_TASK TO CARRY OUT:_ Give back exactly the lines of the data below, starting with the line that has "(\<forall>(U,\<phi>)\<in>A. open U" and going on through the line that has "f \<longleftrightarrow> (\<forall>k.".

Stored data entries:
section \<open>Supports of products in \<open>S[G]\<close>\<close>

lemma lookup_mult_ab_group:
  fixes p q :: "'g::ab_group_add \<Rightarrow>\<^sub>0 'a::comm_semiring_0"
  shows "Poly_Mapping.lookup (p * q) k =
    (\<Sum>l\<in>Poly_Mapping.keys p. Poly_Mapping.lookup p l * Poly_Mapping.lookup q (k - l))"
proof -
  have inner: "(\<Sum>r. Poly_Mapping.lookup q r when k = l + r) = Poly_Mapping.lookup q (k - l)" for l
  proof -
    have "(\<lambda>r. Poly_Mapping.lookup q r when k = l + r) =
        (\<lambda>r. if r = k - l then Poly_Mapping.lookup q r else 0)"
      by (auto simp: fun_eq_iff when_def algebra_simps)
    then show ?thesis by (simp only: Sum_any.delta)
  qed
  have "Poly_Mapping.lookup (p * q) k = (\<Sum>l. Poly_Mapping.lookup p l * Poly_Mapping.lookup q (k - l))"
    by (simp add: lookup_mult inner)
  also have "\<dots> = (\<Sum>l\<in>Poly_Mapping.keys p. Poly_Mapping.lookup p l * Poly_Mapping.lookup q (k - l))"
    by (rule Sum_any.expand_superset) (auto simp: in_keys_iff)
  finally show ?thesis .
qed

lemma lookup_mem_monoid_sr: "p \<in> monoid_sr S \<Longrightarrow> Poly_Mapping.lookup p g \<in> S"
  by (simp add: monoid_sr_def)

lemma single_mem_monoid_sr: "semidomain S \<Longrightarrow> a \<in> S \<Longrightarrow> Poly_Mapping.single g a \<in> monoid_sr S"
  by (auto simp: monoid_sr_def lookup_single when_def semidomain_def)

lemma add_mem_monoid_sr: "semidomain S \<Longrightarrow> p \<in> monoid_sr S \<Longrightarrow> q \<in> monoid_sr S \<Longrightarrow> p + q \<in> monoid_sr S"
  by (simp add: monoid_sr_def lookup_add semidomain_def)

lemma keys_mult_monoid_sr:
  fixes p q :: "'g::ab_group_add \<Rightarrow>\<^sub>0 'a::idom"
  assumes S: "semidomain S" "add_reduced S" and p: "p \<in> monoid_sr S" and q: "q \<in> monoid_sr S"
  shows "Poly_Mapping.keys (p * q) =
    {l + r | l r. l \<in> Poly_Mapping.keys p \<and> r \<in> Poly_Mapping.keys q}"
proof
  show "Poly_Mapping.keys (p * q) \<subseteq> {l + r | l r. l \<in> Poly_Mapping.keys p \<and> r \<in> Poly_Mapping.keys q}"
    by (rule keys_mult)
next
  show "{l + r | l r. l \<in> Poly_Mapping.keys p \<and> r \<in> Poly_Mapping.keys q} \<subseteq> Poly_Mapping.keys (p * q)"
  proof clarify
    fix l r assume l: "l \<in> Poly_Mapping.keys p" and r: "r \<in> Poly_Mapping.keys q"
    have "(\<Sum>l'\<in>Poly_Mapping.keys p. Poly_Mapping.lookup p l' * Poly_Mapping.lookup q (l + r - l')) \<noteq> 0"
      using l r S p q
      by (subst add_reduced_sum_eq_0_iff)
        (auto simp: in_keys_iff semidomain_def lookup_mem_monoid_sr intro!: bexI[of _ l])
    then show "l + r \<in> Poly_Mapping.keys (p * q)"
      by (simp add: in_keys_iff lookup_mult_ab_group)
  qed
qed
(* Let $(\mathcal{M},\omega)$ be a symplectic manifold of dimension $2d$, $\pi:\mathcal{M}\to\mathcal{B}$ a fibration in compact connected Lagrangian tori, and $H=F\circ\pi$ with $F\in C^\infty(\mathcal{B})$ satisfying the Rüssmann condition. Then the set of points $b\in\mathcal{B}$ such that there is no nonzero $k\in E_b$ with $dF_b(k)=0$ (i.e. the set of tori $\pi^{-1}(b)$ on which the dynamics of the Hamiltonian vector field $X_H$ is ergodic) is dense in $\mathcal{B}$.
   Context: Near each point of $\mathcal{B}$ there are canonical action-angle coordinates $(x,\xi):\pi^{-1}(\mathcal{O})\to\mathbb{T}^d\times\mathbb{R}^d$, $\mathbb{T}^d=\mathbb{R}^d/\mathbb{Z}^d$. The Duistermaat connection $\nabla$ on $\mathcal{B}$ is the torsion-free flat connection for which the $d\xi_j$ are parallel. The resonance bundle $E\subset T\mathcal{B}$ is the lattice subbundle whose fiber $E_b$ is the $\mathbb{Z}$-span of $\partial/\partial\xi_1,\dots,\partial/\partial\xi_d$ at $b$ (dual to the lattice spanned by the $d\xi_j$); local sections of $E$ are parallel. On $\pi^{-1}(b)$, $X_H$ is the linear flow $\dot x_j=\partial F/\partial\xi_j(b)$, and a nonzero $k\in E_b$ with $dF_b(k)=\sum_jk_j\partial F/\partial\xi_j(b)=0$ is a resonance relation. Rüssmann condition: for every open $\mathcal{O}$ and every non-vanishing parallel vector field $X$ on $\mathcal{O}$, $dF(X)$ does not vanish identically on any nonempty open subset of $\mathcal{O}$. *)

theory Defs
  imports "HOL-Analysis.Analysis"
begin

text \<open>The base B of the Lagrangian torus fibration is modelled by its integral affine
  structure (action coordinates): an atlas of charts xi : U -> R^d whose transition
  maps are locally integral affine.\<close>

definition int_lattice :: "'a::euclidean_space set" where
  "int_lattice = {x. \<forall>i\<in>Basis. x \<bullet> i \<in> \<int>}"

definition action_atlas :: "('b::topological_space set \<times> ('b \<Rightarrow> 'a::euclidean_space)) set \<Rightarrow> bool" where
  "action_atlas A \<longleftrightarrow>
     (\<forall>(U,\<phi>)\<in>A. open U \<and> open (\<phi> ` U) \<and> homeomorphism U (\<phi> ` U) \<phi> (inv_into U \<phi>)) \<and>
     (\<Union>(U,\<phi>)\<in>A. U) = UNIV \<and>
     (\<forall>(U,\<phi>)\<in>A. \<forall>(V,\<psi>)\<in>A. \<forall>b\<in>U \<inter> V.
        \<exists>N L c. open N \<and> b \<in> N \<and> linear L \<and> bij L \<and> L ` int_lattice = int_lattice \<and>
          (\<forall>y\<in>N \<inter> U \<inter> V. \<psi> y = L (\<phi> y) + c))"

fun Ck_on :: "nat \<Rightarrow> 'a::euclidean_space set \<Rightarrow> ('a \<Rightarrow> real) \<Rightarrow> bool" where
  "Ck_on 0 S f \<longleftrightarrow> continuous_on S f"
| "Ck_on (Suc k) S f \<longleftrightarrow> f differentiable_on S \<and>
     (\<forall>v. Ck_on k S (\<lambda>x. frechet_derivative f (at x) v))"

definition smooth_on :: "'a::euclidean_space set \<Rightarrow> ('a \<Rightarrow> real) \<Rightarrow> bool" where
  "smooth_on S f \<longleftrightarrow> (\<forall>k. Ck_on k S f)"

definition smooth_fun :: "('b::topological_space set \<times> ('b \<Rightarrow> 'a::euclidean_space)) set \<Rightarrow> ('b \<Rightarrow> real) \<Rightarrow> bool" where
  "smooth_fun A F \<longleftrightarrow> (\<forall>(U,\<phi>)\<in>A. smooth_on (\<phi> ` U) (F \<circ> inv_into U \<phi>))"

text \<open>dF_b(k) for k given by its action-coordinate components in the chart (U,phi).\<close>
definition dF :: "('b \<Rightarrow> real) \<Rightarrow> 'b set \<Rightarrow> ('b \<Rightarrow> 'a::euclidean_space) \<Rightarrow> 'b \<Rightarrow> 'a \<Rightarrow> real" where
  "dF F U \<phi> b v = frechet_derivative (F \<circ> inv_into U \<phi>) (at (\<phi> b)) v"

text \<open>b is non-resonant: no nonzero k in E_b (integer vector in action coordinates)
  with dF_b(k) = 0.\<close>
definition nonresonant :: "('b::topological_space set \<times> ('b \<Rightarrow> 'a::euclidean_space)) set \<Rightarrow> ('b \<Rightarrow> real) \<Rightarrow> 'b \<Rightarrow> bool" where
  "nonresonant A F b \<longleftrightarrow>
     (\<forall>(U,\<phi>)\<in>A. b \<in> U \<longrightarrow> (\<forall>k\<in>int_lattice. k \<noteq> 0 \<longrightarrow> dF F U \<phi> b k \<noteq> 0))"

_FINISHED EXERCISE:_
     (\<forall>(U,\<phi>)\<in>A. open U \<and> open (\<phi> ` U) \<and> homeomorphism U (\<phi> ` U) \<phi> (inv_into U \<phi>)) \<and>
     (\<Union>(U,\<phi>)\<in>A. U) = UNIV \<and>
     (\<forall>(U,\<phi>)\<in>A. \<forall>(V,\<psi>)\<in>A. \<forall>b\<in>U \<inter> V.
        \<exists>N L c. open N \<and> b \<in> N \<and> linear L \<and> bij L \<and> L ` int_lattice = int_lattice \<and>
          (\<forall>y\<in>N \<inter> U \<inter> V. \<psi> y = L (\<phi> y) + c))"

fun Ck_on :: "nat \<Rightarrow> 'a::euclidean_space set \<Rightarrow> ('a \<Rightarrow> real) \<Rightarrow> bool" where
  "Ck_on 0 S f \<longleftrightarrow> continuous_on S f"
| "Ck_on (Suc k) S f \<longleftrightarrow> f differentiable_on S \<and>
     (\<forall>v. Ck_on k S (\<lambda>x. frechet_derivative f (at x) v))"

definition smooth_on :: "'a::euclidean_space set \<Rightarrow> ('a \<Rightarrow> real) \<Rightarrow> bool" where
  "smooth_on S f \<longleftrightarrow> (\<forall>k. Ck_on k S f)"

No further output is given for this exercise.